Low interest rates across the world are drawing out pessimistic prognostications over the future of balanced portfolios.
But such arguments are meeting resistance in a year where balanced funds have booked double-digit gains while limiting sharp swings in the portfolio’s value. Such funds split their holdings into stocks and government bonds with the idea that bonds will act as a ballast when equities take a hit.
“Most have not been able to outperform a 60-40 portfolio. There’s a reason why it exists,” said Scott Kimball, a portfolio manager at BMO Global Asset Management.
But the continued outlook for depressed interest rates in a world where economic growth appears structurally weak, driven down by aging populations and anemic productivity growth, has raised lingering questions as to whether bonds can continue to rally from here.
Along with the Federal Reserve, many major central banks have cut interest rates to rock-bottom levels this year to help shore up their economies during the COVID-19 pandemic.
“The fact is we’re in a low rate environment that doesn’t give you the kind of returns you’re looking for in Treasury bonds,” said David Norris, head of U.S. credit at TwentyFour Asset Management.
With the 10-year Treasury note yieldBX:TMUBMUSD10Y offering less than 1% in yield, Wall Street banks and global money managers have advocated unconventional alternatives to government bonds, telling their clients that they have no choice but to steel themselves for more ups and downs in their portfolios if they want to meet their expected returns.
“There’s almost no way to get around the fact that investors are being pushed to take more risk,” said Yung-Yu Ma, chief investment officer at BMO Wealth Management.
Bond fund managers like TwentyFour Asset Management have touted the importance of investing in assets that are more exposed to the vicissitudes of the economy, if they want to shore up the income earned from their portfolios.
But owning these alternatives can leave investors uncomfortably exposed to swings in equity markets and are often less liquid.
And some have advocated for so-called liquid alternative investments such as collateralized-mortgage obligations, which offer higher yields but are advertised as easy to trade and largely immune to broader market turmoil much like government bonds
But during the March market crash, many of these fixed-income instrument markets seized up and some instruments like CLOs were among the slowest to recover to their pre-pandemic prices.
“Liquid alts are an oxymoron,” said Kimball.
Another successful year
The same conditions that have precipitated worries about balanced funds arguably have also contributed to their success.
The ability of bonds to diversify against stock-market drawdowns largely emerged after inflation was put to bed in the 1980s, the beginning of a three-decade long bull market for Treasurys. At the same time, muted prices pressures have allowed central banks to push interest rates lower without having to worry about an inflationary backlash.
Some see inflation returning though next year as economies normalize after a COVID-19 vaccine rollout, but most analysts remain skeptical that it will get out of hand.
“This is a scenario where the balanced portfolio tends to shine,” said Kimball.
The Vanguard Balanced index fund
which follows the 60-40 allocation, has gained nearly 13% year-to-date. That’s only a bit short of the 15.5% returned by the S&P 500
and much higher than the 5.1% earned by a basket of investment-grade government and corporate debt, tracked by the iShares Core U.S. Aggregate Bond exchange-traded funds.

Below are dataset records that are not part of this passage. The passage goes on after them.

(* Let $P,P'\subset\mathbb R^2$ be two open bounded convex polygons and $Q$ the convex hull of $P\cup P'$. If $x_c$ is a vertex of $P$ such that $d(x_c,P')=d_H(P,P')$, then $x_c$ is a vertex of $Q$. If the angle of $P$ at $x_c$ is $\alpha$, then the angle of $Q$ at $x_c$ is at most $(\alpha+\pi)/2<\pi$.
   Context: $d_H(P,P')=\max(\sup_{x\in P}d(x,P'),\sup_{x'\in P'}d(x',P))$ is the Hausdorff distance. *)

theory Defs
  imports "HOL-Analysis.Analysis"
begin

definition open_convex_polygon :: "(real^2) set \<Rightarrow> bool" where
  "open_convex_polygon P \<longleftrightarrow>
     (\<exists>V. finite V \<and> P = interior (convex hull V) \<and> P \<noteq> {})"

definition polygon_vertex :: "real^2 \<Rightarrow> (real^2) set \<Rightarrow> bool" where
  "polygon_vertex x P \<longleftrightarrow> x extreme_point_of (closure P)"

definition hausdorff_dist :: "(real^2) set \<Rightarrow> (real^2) set \<Rightarrow> real" where
  "hausdorff_dist P P' = max (SUP x\<in>P. infdist x P') (SUP x'\<in>P'. infdist x' P)"

definition vec_angle :: "real^2 \<Rightarrow> real^2 \<Rightarrow> real" where
  "vec_angle u v = arccos (inner u v / (norm u * norm v))"

definition polygon_angle :: "(real^2) set \<Rightarrow> real^2 \<Rightarrow> real" where
  "polygon_angle P x = (SUP p\<in>(P \<times> P). vec_angle (fst p - x) (snd p - x))"

end

theory Submission
  imports Defs
begin

text \<open>If \<open>d = d(x\<^sub>c, P') = d\<^sub>H(P, P')\<close> vanishes then \<open>P = P'\<close> and \<open>Q = P\<close>. Otherwise the
  nearest point of \<open>P'\<close> to \<open>x\<^sub>c\<close> yields a unit vector \<open>m\<close> with \<open>inner (y - x\<^sub>c) m \<ge> d\<close> on
  \<open>P'\<close>; as every point of \<open>P\<close> is within \<open>d\<close> of \<open>P'\<close>, \<open>P\<close> lies in the open half-plane
  \<open>inner (z - x\<^sub>c) m > 0\<close>. Measure polar angles from \<open>m\<close> in this half-plane. A point \<open>y\<close> of
  \<open>P'\<close> at angle \<open>\<phi>\<close> has height \<open>norm (y - x\<^sub>c) * cos \<phi> \<ge> d\<close>, whereas points at angle \<open>\<psi>\<close>
  are at distance at least \<open>norm (y - x\<^sub>c) * sin (\<phi> - \<psi>)\<close> from \<open>y\<close>; since \<open>y\<close> is within
  \<open>d\<close> of \<open>P\<close>, the angles of \<open>P\<close> reach \<open>2\<phi> - pi/2\<close> from above and \<open>2\<phi> + pi/2\<close> from below.
  Combined with the angular width \<open>\<alpha> < pi\<close> of \<open>P\<close> at its vertex, all angles of \<open>P \<union> P'\<close>,
  hence of \<open>Q\<close>, lie in an interval of length \<open>(\<alpha> + pi) / 2 < pi\<close>. So \<open>Q\<close> is contained in a
  pointed cone at \<open>x\<^sub>c\<close>, which makes \<open>x\<^sub>c\<close> a vertex of \<open>Q\<close> with angle at most \<open>(\<alpha> + pi) / 2\<close>.\<close>

section \<open>Polar angles in a half-plane\<close>

definition rot90 :: "real^2 \<Rightarrow> real^2" where
  "rot90 m = vector [-(m$2), m$1]"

It’s no wonder U.S. investors are reluctant to depart from a tried-and-tested strategy.
“It’s a bit amazing how many investors still cling onto that as their comfort zone. It truly does seem to be well ingrained in U.S. investors’ minds,” said Anders Persson, chief investment officer of fixed income at Nuveen.
Persson said some of the stubbornness around 60-40 funds may reflect the persistence of higher yields offered by the U.S. over the rest of the world. Homebound Americans have rarely had to search abroad for investment opportunities thanks to a profusion of riches on their own shores.
“With $15 trillion of negative-yielding debt across the world, we’re a bit spoiled in the U.S,” said Persson, who conceded even now U.S. government bonds continued to draw strong interest overseas.
Whereas, European and Japanese insurance companies faced with a paucity of high-yield investments in their own markets have been quicker to size up opportunities in these more exotic debt investments, said Persson.
In the end, some investors say it will be hard to give up on government bonds altogether and they are likely to remain a prominent part of investors’ portfolios in the coming years if only because they can hold up their value during market turbulence.
“Why do you own it? You own it for stability to brings to your portfolio,” said Todd Jablonski, chief investment officer at Principal Global Asset Allocation.